Chipotle Copycat Steak Burritos, “Lightened Up”
Recipe Adapted from Eating Well
Photo courtesy of Chipotle
½ c. salsa
½ c. water
¼ c. instant brown rice
1 15-oz. can low-sodium black beans, rinsed and drained
12 oz. strip steak, trimmed of visible fat and sliced thinly crosswise
¼ tsp. black pepper
1 Tbsp. canola oil
4 8-inch whole wheat tortillas
½ c. shredded sharp cheddar
¼ c. guacamole or sour cream
2 Tbsp. chopped fresh cilantro
- In a small saucepan, bring salsa and water to a boil.

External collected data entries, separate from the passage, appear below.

(* Assume $0\le l(\xi)\le C_l$ for all $\xi\in\Xi$. Run the SMC scheme described in the context with the exact loss $l$, starting from $m$ independent samples of $\rho_0$ with weights $1/m$. Then for every $t$ with $0\le t\le N-1$, $$h(\rho^E_{t+1},\rho_{t+1})\le\frac{1}{\sqrt{m}}\sum_{s=0}^{t+1}6^{\,t+1-s}\exp\big((W_{t+1}-W_s)C_l\big).$$ In particular, the final SMC approximation $\rho^E:=\rho^E_N$ of the Gibbs posterior $\rho=\rho_N$ satisfies $$h(\rho^E,\rho)\le\frac{1}{\sqrt m}\sum_{s=0}^N6^{N-s}\exp\big((W-W_s)C_l\big).$$
   Context: $\Xi\subseteq\mathbb{R}^M$ and $\rho_0$ is a prior probability distribution on $\Xi$. $l:\Xi\to\mathbb{R}$ is a loss function and $W>0$. For a probability measure $\mu$, $G_V\mu(d\xi)=\exp(-Vl(\xi))\mu(d\xi)/\int\exp(-Vl)\,d\mu$. Fix deterministic weights $0=W_0<W_1<\dots<W_N=W$ and set $\rho_t=G_{W_t}\rho_0$; thus $\rho=\rho_N$ is the Gibbs posterior. For each $t$, $\mathcal{K}_{t+1}$ is a Markov kernel on $\Xi$ leaving $\rho_{t+1}$ invariant. SMC scheme. Start with $\rho_0^E=\frac1m\sum_i\delta_{\xi_i^0}$, where $\xi_i^0$ are i.i.d. from $\rho_0$. Given $\rho_t^E=\sum_i w_i^t\delta_{\xi_i^t}$, iteration $t+1$ consists of three steps. (i) Reweight: $w_i^{t+1}\propto\exp(-(W_{t+1}-W_t)l(\xi_i^t))w_i^t$, normalized to sum to 1. This gives $\rho^E_{t+1,t}=\sum_iw_i^{t+1}\delta_{\xi_i^t}=G_{W_{t+1}-W_t}\rho_t^E$. (ii) Resample: draw $m$ particles $\xi_i^{t+1,t}$ conditionally i.i.d. from $\rho^E_{t+1,t}$, each with weight $1/m$. (iii) Mutate: move each resampled particle independently by $\mathcal{K}_{t+1}$, giving particles $\xi_i^{t+1}$ and $\rho^E_{t+1}=\frac1m\sum_i\delta_{\xi_i^{t+1}}$. For a probability measure $\mu$ and a bounded $f$, $\mu[f]=\int f\,d\mu$. For two possibly random probability measures $\rho_1,\rho_2$, $h(\rho_1,\rho_2)=\sup_f\sqrt{\mathbb{E}|\rho_1[f]-\rho_2[f]|^2}$. The supremum is over measurable $f$ with $\sup|f|\le1$, and the expectation is over all randomness of the algorithm. *)

theory Defs
  imports "HOL-Probability.Probability"
begin

definition gibbs :: "('a \<Rightarrow> real) \<Rightarrow> real \<Rightarrow> 'a measure \<Rightarrow> 'a measure" where
  "gibbs l V \<mu> = density \<mu> (\<lambda>x. ennreal (exp (- V * l x) / (\<integral>y. exp (- V * l y) \<partial>\<mu>)))"

definition emp_mean :: "nat \<Rightarrow> ('a \<Rightarrow> real) \<Rightarrow> (nat \<Rightarrow> 'a) \<Rightarrow> real" where
  "emp_mean m f x = (\<Sum>i<m. f (x i)) / real m"

definition smc_weight :: "nat \<Rightarrow> ('a \<Rightarrow> real) \<Rightarrow> (nat \<Rightarrow> real) \<Rightarrow> nat \<Rightarrow> (nat \<Rightarrow> 'a) \<Rightarrow> nat \<Rightarrow> real" where
  "smc_weight m l W t x j =
     exp (- (W (Suc t) - W t) * l (x j)) / (\<Sum>k<m. exp (- (W (Suc t) - W t) * l (x k)))"

text \<open>One SMC iteration t -> t+1 on the particle vector x:
  (ii) resample m indices J_i conditionally i.i.d. with probabilities smc_weight (after the
  reweighting step (i)), (iii) mutate each resampled particle x (J i) independently by K (t+1).\<close>
definition smc_step :: "'a measure \<Rightarrow> nat \<Rightarrow> ('a \<Rightarrow> real) \<Rightarrow> (nat \<Rightarrow> real) \<Rightarrow> (nat \<Rightarrow> 'a \<Rightarrow> 'a measure)
     \<Rightarrow> nat \<Rightarrow> (nat \<Rightarrow> 'a) \<Rightarrow> (nat \<Rightarrow> 'a) measure" where
  "smc_step S m l W K t x =
     (PiM {..<m} (\<lambda>_. point_measure {..<m} (\<lambda>j. ennreal (smc_weight m l W t x j))))
       \<bind> (\<lambda>J. PiM {..<m} (\<lambda>i. K (Suc t) (x (J i))))"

Stir in rice, reduce heat to a simmer, cover, and cook for 5 minutes. Add beans, return to a simmer, and cook uncovered, stirring occasionally, until rice is tender and most of the liquid is absorbed (about 5 minutes).
- Meanwhile, sprinkle steak with pepper. Heat the oil in a large skillet over medium-high heat. Add steak pieces and cook, stirring occasionally, until browned and cooked through, 3-5 minutes.
- Assemble the burritos: divide steak among the tortillas and top with rice mixture, cheddar, guacamole or sour cream, and cilantro.